Home > data science > The bursting of the big data bubble

The bursting of the big data bubble

September 20, 2013 Cathy O'Neil, mathbabe

It’s been a good ride. I’m not gonna lie, it’s been a good time to be a data whiz, a quant-turned-data scientist. I get lots of attention and LinkedIn emails just for my title and my math Ph.D., and it’s flattering. But all of that is going to change, starting now.

You see, there are some serious headwinds. They started a while ago but they’re picking up speed, and the magical wave of hype propelling us forward is giving way. I can tell, I’ve got a nose for sinking ships and sailing metaphors.

First, the hype and why it’s been so strong.

It seems like data and the ability to use data is the secret sauce in so many of the big success stories. Look at Google. They managed to think of the entire web as their data source, and have earned quite a bit of respect and advertising money for their chore of organizing it like a huge-ass free library for our benefit. That took some serious data handling and modeling know-how.

We humans are pretty good at detecting patterns, so after a few companies made it big with the secret data sauce, we inferred that, when you take a normal tech company and sprinkle on data, you get the next Google.

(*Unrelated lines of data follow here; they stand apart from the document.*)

lemma reduced_solutions_supercritical:
  assumes "2 \<le> k" "Lambda_cr k < L"
  shows "\<exists>x S T. T < S \<and> reduced_solutions k L = {(x, x), (S, T), (T, S)}"
proof -
  have "0 < L" using asym_level_pos[of 1 k] asym_level_one assms by simp
  then obtain x where x: "0 < x" "x * (1 + x) ^ k = L"
    using diagonal_equation_unique by blast
  obtain t where t: "1 < t" "{t. 1 < t \<and> asym_level k t = L} = {t}"
    using asym_level_eq_unique[OF assms] by blast
  obtain S T where ST: "ratio_point k t = (S, T)" by (cases "ratio_point k t")
  have "T < S" using ratio_point_mem_reduced_solutions(2)[OF t(1) assms(1)] ST by simp
  moreover have "reduced_solutions k L = {(x, x), (S, T), (T, S)}"
    using reduced_solutions_eq[OF assms(1) x] t(2) ST by simp
  ultimately show ?thesis by blast
qed

section \<open>Periodic boundary laws\<close>

lemma infsum_pos:
  fixes f :: "'a \<Rightarrow> real"
  assumes "f summable_on A" "\<And>x. x \<in> A \<Longrightarrow> 0 \<le> f x" "a \<in> A" "0 < f a"
  shows "0 < infsum f A"
proof -
  have "infsum f {a} \<le> infsum f A"
    by (rule infsum_mono_neutral) (use assms in auto)
  then show ?thesis using assms(4) by simp
qed

lemma summable_on_powr:
  fixes f :: "'a \<Rightarrow> real"
  assumes "f summable_on A" "\<And>x. x \<in> A \<Longrightarrow> 0 \<le> f x" "1 \<le> p"
  shows "(\<lambda>x. f x powr p) summable_on A"
proof (rule summable_on_comparison_test)
  show "(\<lambda>x. f x * infsum f A powr (p - 1)) summable_on A"
    using assms(1) by (rule summable_on_cmult_left)
  fix x assume x: "x \<in> A"
  then have "infsum f {x} \<le> infsum f A"
    by (intro infsum_mono_neutral) (use assms in auto)
  then have "f x \<le> infsum f A" by simp
  then have "f x * f x powr (p - 1) \<le> f x * infsum f A powr (p - 1)"
    using assms x by (intro mult_left_mono powr_mono2) auto
  moreover have "f x powr p = f x * f x powr (p - 1)"
    using assms(2)[OF x] by (cases "f x = 0") (simp_all add: powr_mult_base)
  ultimately show "f x powr p \<le> f x * infsum f A powr (p - 1)" by simp
  show "0 \<le> f x powr p" by simp
qed

fun boundary_law ::
  "nat \<Rightarrow> (int \<Rightarrow> real) \<Rightarrow> real \<times> real \<Rightarrow> (int \<Rightarrow> real) \<times> (int \<Rightarrow> real)"
where
  "boundary_law k lam (S, T) =
     ((\<lambda>i. if i = 0 then 1 else lam i / (1 + T) ^ k),
      (\<lambda>i. if i = 0 then 1 else lam i / (1 + S) ^ k))"

lemma has_sum_boundary_law:
  assumes "lam summable_on Z0" "p \<in> reduced_solutions k (infsum lam Z0)"
  shows "(fst (boundary_law k lam p) has_sum fst p) Z0"
    and "(snd (boundary_law k lam p) has_sum snd p) Z0"
proof -
  obtain S T where p: "p = (S, T)" by (cases p)
  have ST: "S = infsum lam Z0 / (1 + T) ^ k" "T = infsum lam Z0 / (1 + S) ^ k"
    using assms(2) unfolding p reduced_solutions_def by (auto simp: field_simps add_pos_pos)
  have lam: "(lam has_sum infsum lam Z0) Z0" using assms(1) by simp
  show "(fst (boundary_law k lam p) has_sum fst p) Z0"
    using has_sum_divide_const[OF lam, of "(1 + T) ^ k"] ST(1) unfolding p
    by (subst has_sum_cong[where g = "\<lambda>i. lam i / (1 + T) ^ k"]) (auto simp: Z0_def)
  show "(snd (boundary_law k lam p) has_sum snd p) Z0"
    using has_sum_divide_const[OF lam, of "(1 + S) ^ k"] ST(2) unfolding p
    by (subst has_sum_cong[where g = "\<lambda>i. lam i / (1 + S) ^ k"]) (auto simp: Z0_def)
qed

lemma boundary_law_mem_periodic_gibbs:
  assumes "0 < k" "\<forall>j. 0 < lam j" "lam summable_on Z0" "p \<in> reduced_solutions k (infsum lam Z0)"
  shows "boundary_law k lam p \<in> periodic_gibbs k lam"
proof -
  obtain S T where p: "p = (S, T)" by (cases p)
  have "0 < S" "0 < T" using assms(4) unfolding p reduced_solutions_def by auto
  define z where "z = fst (boundary_law k lam p)"
  define zt where "zt = snd (boundary_law k lam p)"
  have "(z has_sum S) Z0" "(zt has_sum T) Z0"
    unfolding z_def zt_def using has_sum_boundary_law[OF assms(3,4)] p by simp_all
  then have sums: "z summable_on Z0" "zt summable_on Z0" "infsum z Z0 = S" "infsum zt Z0 = T"
    by (auto simp: summable_on_def infsumI)
  have z: "z i = lam i / (1 + T) ^ k" "zt i = lam i / (1 + S) ^ k" if "i \<in> Z0" for i
    using that unfolding z_def zt_def p Z0_def by simp_all
  have pos: "0 < z i" "0 < zt i" if "i \<in> Z0" for i
    unfolding z[OF that] using assms(2) \<open>0 < S\<close> \<open>0 < T\<close> by simp_all
  have "periodic_bl k lam z zt"
    unfolding periodic_bl_def sums(3,4) using sums(1,2) z pos by (simp add: z_def zt_def p)
  moreover have "1 \<le> (real k + 1) / real k" using assms(1) by simp
  then have "normalisable k z zt"
    unfolding normalisable_def using sums(1,2) pos by (simp add: summable_on_powr less_imp_le)
  ultimately show ?thesis
    unfolding periodic_gibbs_def z_def zt_def by (simp add: case_prod_unfold)
qed

lemma periodic_gibbs_imp_summable:
  assumes "(z, zt) \<in> periodic_gibbs k lam"
  shows "lam summable_on Z0"
proof -
  let ?T = "infsum zt Z0"
  have "periodic_bl k lam z zt" using assms unfolding periodic_gibbs_def by simp
  then have z: "z summable_on Z0" "\<forall>i\<in>Z0. z i = lam i / (1 + ?T) ^ k" and "\<forall>i\<in>Z0. 0 < zt i"
    unfolding periodic_bl_def by blast+
  then have "0 \<le> ?T" by (intro infsum_nonneg) (simp add: less_imp_le)
  then have "lam summable_on Z0 \<longleftrightarrow> (\<lambda>i. z i * (1 + ?T) ^ k) summable_on Z0"
    using z(2) by (intro summable_on_cong) simp
  then show ?thesis using summable_on_cmult_left[OF z(1)] by blast
qed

Next, a few reasons it’s unsustainable

Most companies don’t have the data that Google has, and can never hope to cash in on stuff at the scale of the ad traffic that Google sees. Even so, there are lots of smaller but real gains that lots of companies – but not all – could potentially realize if they collected the right kind of data and had good data people helping them.

Unfortunately, this process rarely actually happens the right way, often because the business people ask their data people the wrong questions to being with, and since they think of their data people as little more than pieces of software – data in, magic out – they don’t get their data people sufficiently involved with working on something that data can address.

Also, since there are absolutely no standards for what constitutes a data scientist, and anyone who’s taken a machine learning class at college can claim to be one, the data scientists walking around often have no clue how to actually form the right questions to ask anyway. They are lopsided data people, and only know how to answer already well-defined questions like the ones that Kaggle comes up with. That’s less than half of what a good data scientist does, but people have no idea what a good data scientist does.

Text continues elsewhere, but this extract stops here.